[Input material Boundary: Start]
(* Let $G$ be the set of formal sums $f=\sum_{t}f_t\,t$ over reduced plane trees $t$, with $f_t\in\mathbb{C}$ and $f_{|}=1$ for the single-leaf tree $|$, equipped with the product $$f\circ g=\sum_{t_0}f_{t_0}\sum_{t_1,\dots,t_n}g_{t_1}\cdots g_{t_n}\; t_0\circ(t_1,\dots,t_n),$$ where $n$ is the number of leaves of $t_0$ and $t_1,\dots,t_n$ range over reduced plane trees. Identify each $f\in G$ with the noncommutative series $\sum_t f_t S^t\in\mathbb{C}\langle\langle S_0,S_1,\dots\rangle\rangle$, and write it $f(S_0;\mathbf S)$ with $\mathbf S=(S_1,S_2,\dots)$. Then for all $f,g\in G$, the series of $h=f\circ g$ is $h(S_0;\mathbf S)=f(g;\mathbf S)$, i.e. it is obtained from $\sum_t f_tS^t$ by substituting the series $\sum_t g_tS^t$ for every occurrence of $S_0$.
   Context: A reduced plane tree is a rooted plane tree in which every internal vertex has at least two children. For a tree $t_0$ with $n$ leaves and trees $t_1,\dots,t_n$, $t_0\circ(t_1,\dots,t_n)$ is the tree obtained by replacing the leaves of $t_0$, from left to right, by $t_1,\dots,t_n$. The monomial $S^t$ is defined by $S^{|}=S_0$ and, if the root of $t$ has children subtrees $t_1,\dots,t_n$ ($n\ge2$), $S^t=S_{n-1}S^{t_1}\cdots S^{t_n}$ (the Polish code of $t$). $\mathbb{C}\langle\langle S_0,S_1,\dots\rangle\rangle$ is the completion of the free associative algebra on the noncommuting variables $S_0,S_1,\dots$ with respect to the degree in $S_0$. *)

theory Defs
  imports Complex_Main
begin

datatype ptree = Leaf | Node "ptree list"
(* Let $\mathcal{M}=(M,\mathcal{C})$ be a $\beta$-model of MK$^*$ and let $(M_0,R)$ be a coding pair in $\mathcal{M}$. Then the quotient structure $(\tilde M_0,\tilde R)$ is extensional and well-founded.
   Context: MK$^*$ is Morse–Kelley class theory (two-sorted: sets and classes; models $(M,\mathcal{C})$ with $M$ a transitive ZFC model, $\mathcal{C}\subseteq\mathcal{P}(M)$; axioms include Class Comprehension for all two-sorted formulas and Global Choice, a class well-ordering of $M$) plus Class-Bounding $\forall x\,\exists A\,\varphi(x,A)\to\exists B\,\forall x\,\exists y\,\varphi(x,(B)_y)$, $(B)_y=\{z:(y,z)\in B\}$. A $\beta$-model: classes are well-founded in the model iff truly well-founded. A coding pair is $(M_0,R)$ with $M_0\in\mathcal{C}$ having a distinguished element $a$ and $R\in\mathcal{C}$ a binary relation on $M_0$ such that: (a) each $z\in M_0$ has a unique $n$ such that there is an $R$-chain $zRz_{n-1}R\cdots Rz_1Ra$; (b) if $y\neq z$, $yRx$, $zRx$ then $(M_0,R)\restriction y\not\cong(M_0,R)\restriction z$, where $(M_0,R)\restriction y$ is $y$ together with all elements connected to $y$ by an $R$-chain, with $R$ restricted; (c) if $y\neq z$ have the same $R$-distance from $a$ then $vRy\to\neg(vRz)$; (d) $R$ is well-founded. The quotient: for $b\in M_0$ let $[b]=\{b'\in M_0:(M_0,R)\restriction b'\cong(M_0,R)\restriction b\}$, let $\tilde b$ be a representative of $[b]$ chosen via the global well-order, $\tilde M_0=\{\tilde b:b\in M_0\}$, and $\tilde b\,\tilde R\,\tilde c$ iff there exist $b_0\in[b]$, $c_0\in[c]$ with $b_0Rc_0$. *)

theory Defs
  imports Main
begin

text \<open>The ambient universe V is modelled by a type 'a with a (truly well-founded)
membership relation E, where E x y means x is an element of y.  A model of MK is a
pair (M, C) with M a transitive set of the universe and C a collection of subsets of M.\<close>

definition transitive_in :: "('a \<Rightarrow> 'a \<Rightarrow> bool) \<Rightarrow> 'a set \<Rightarrow> bool" where
  "transitive_in E M \<longleftrightarrow> (\<forall>x\<in>M. \<forall>y. E y x \<longrightarrow> y \<in> M)"

definition upair :: "('a \<Rightarrow> 'a \<Rightarrow> bool) \<Rightarrow> 'a set \<Rightarrow> 'a \<Rightarrow> 'a \<Rightarrow> 'a" where
  "upair E M x y = (THE u. u \<in> M \<and> (\<forall>w\<in>M. E w u \<longleftrightarrow> (w = x \<or> w = y)))"
lemma tree_edge_sym: "tree_edge n A B \<Longrightarrow> tree_edge n B A"
  unfolding tree_edge_def by auto

lemma walk_tree_up: "length (A @ C) \<le> n \<Longrightarrow> walk (tree_edge n) (length C) A (A @ C)"
proof (induction C rule: rev_induct)
  case Nil
  then show ?case by (simp add: walk_refl)
next
  case (snoc c C)
  then show ?case by (auto intro!: walk_snoc simp: tree_edge_def)
qed

lemma walk_tree_down: "length (A @ C) \<le> n \<Longrightarrow> walk (tree_edge n) (length C) (A @ C) A"
  by (rule walk_sym[OF tree_edge_sym walk_tree_up])

lemma walk_tree_via_lcp:
  assumes "length A \<le> n" "length B \<le> n"
  shows "walk (tree_edge n) (length A + length B - 2 * lcp A B) A B"
proof -
  define p where "p = lcp A B"
  have B: "B = take p A @ drop p B" using take_lcp[of A B] by (simp add: p_def)
  have down: "walk (tree_edge n) (length (drop p A)) A (take p A)"
    using walk_tree_down[of "take p A" "drop p A" n] assms(1) by simp
  have up: "walk (tree_edge n) (length (drop p B)) (take p A) B"
    using walk_tree_up[of "take p A" "drop p B" n] assms(2) B by simp
  have "length (drop p A) + length (drop p B) = length A + length B - 2 * p"
    using lcp_le_length[of A B] by (simp add: p_def)
  with walk_trans[OF down up] show ?thesis by (simp add: p_def)
qed

lemma tree_walk_length_ge: "walk (tree_edge n) m A B \<Longrightarrow> length A + length B - 2 * lcp A B \<le> m"
proof (induction rule: walk.induct)
  case (walk_refl A)
  then show ?case by (simp add: lcp_self)
next
  case (walk_step A C m B)
  from walk_step(1) consider c where "C = A @ [c]" | c where "A = C @ [c]"
    unfolding tree_edge_def by auto
  then show ?case
  proof cases
    case 1
    then show ?thesis
      using walk_step(3) lcp_snoc_le[of A c B] lcp_le_length[of A B] lcp_le_length[of C B] by simp
  next
    case 2
    then show ?thesis
      using walk_step(3) lcp_append_le[of C B "[c]"] lcp_le_length[of A B] by simp
  qed
qed

lemma dT_eq:
  assumes "length A \<le> n" "length B \<le> n"
  shows "dT n A B = length A + length B - 2 * lcp A B"
proof -
  have "walk (tree_edge n) (length A + length B - 2 * lcp A B) A B"
    by (rule walk_tree_via_lcp[OF assms])
  then show ?thesis
    unfolding dT_def by (intro antisym graph_dist_le tree_walk_length_ge[OF walk_graph_dist])
qed

lemma dT_triangle:
  "length A \<le> n \<Longrightarrow> length B \<le> n \<Longrightarrow> length C \<le> n \<Longrightarrow> dT n A C \<le> dT n A B + dT n B C"
  unfolding dT_def by (rule graph_dist_triangle[OF walk_tree_via_lcp walk_tree_via_lcp])

lemma dT_le_common_prefix:
  assumes "length A \<le> n" "length B \<le> n" "take p A = take p B" "p \<le> length A" "p \<le> length B"
  shows "dT n A B \<le> length A + length B - 2 * p"
  using dT_eq[OF assms(1,2)] lcp_ge_common_prefix[OF assms(3-5)] by simp

definition tree_nodes :: "nat \<Rightarrow> bool list set" where
  "tree_nodes n = {A. length A \<le> n}"

lemma d_inf_refl: "d_inf n P P = 0"
  unfolding d_inf_def dT_def by (simp add: graph_dist_refl)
[Input material Boundary: End]
- _What the exercise asks_:
Above are the records; repeat exactly the lines from the one holding "set \<Rightarrow> 'a" down to the one holding "M \<and> (\<forall>w\<in>M.", end lines included.

- _Response for this exercise_:
definition upair :: "('a \<Rightarrow> 'a \<Rightarrow> bool) \<Rightarrow> 'a set \<Rightarrow> 'a \<Rightarrow> 'a \<Rightarrow> 'a" where
  "upair E M x y = (THE u. u \<in> M \<and> (\<forall>w\<in>M. E w u \<longleftrightarrow> (w = x \<or> w = y)))"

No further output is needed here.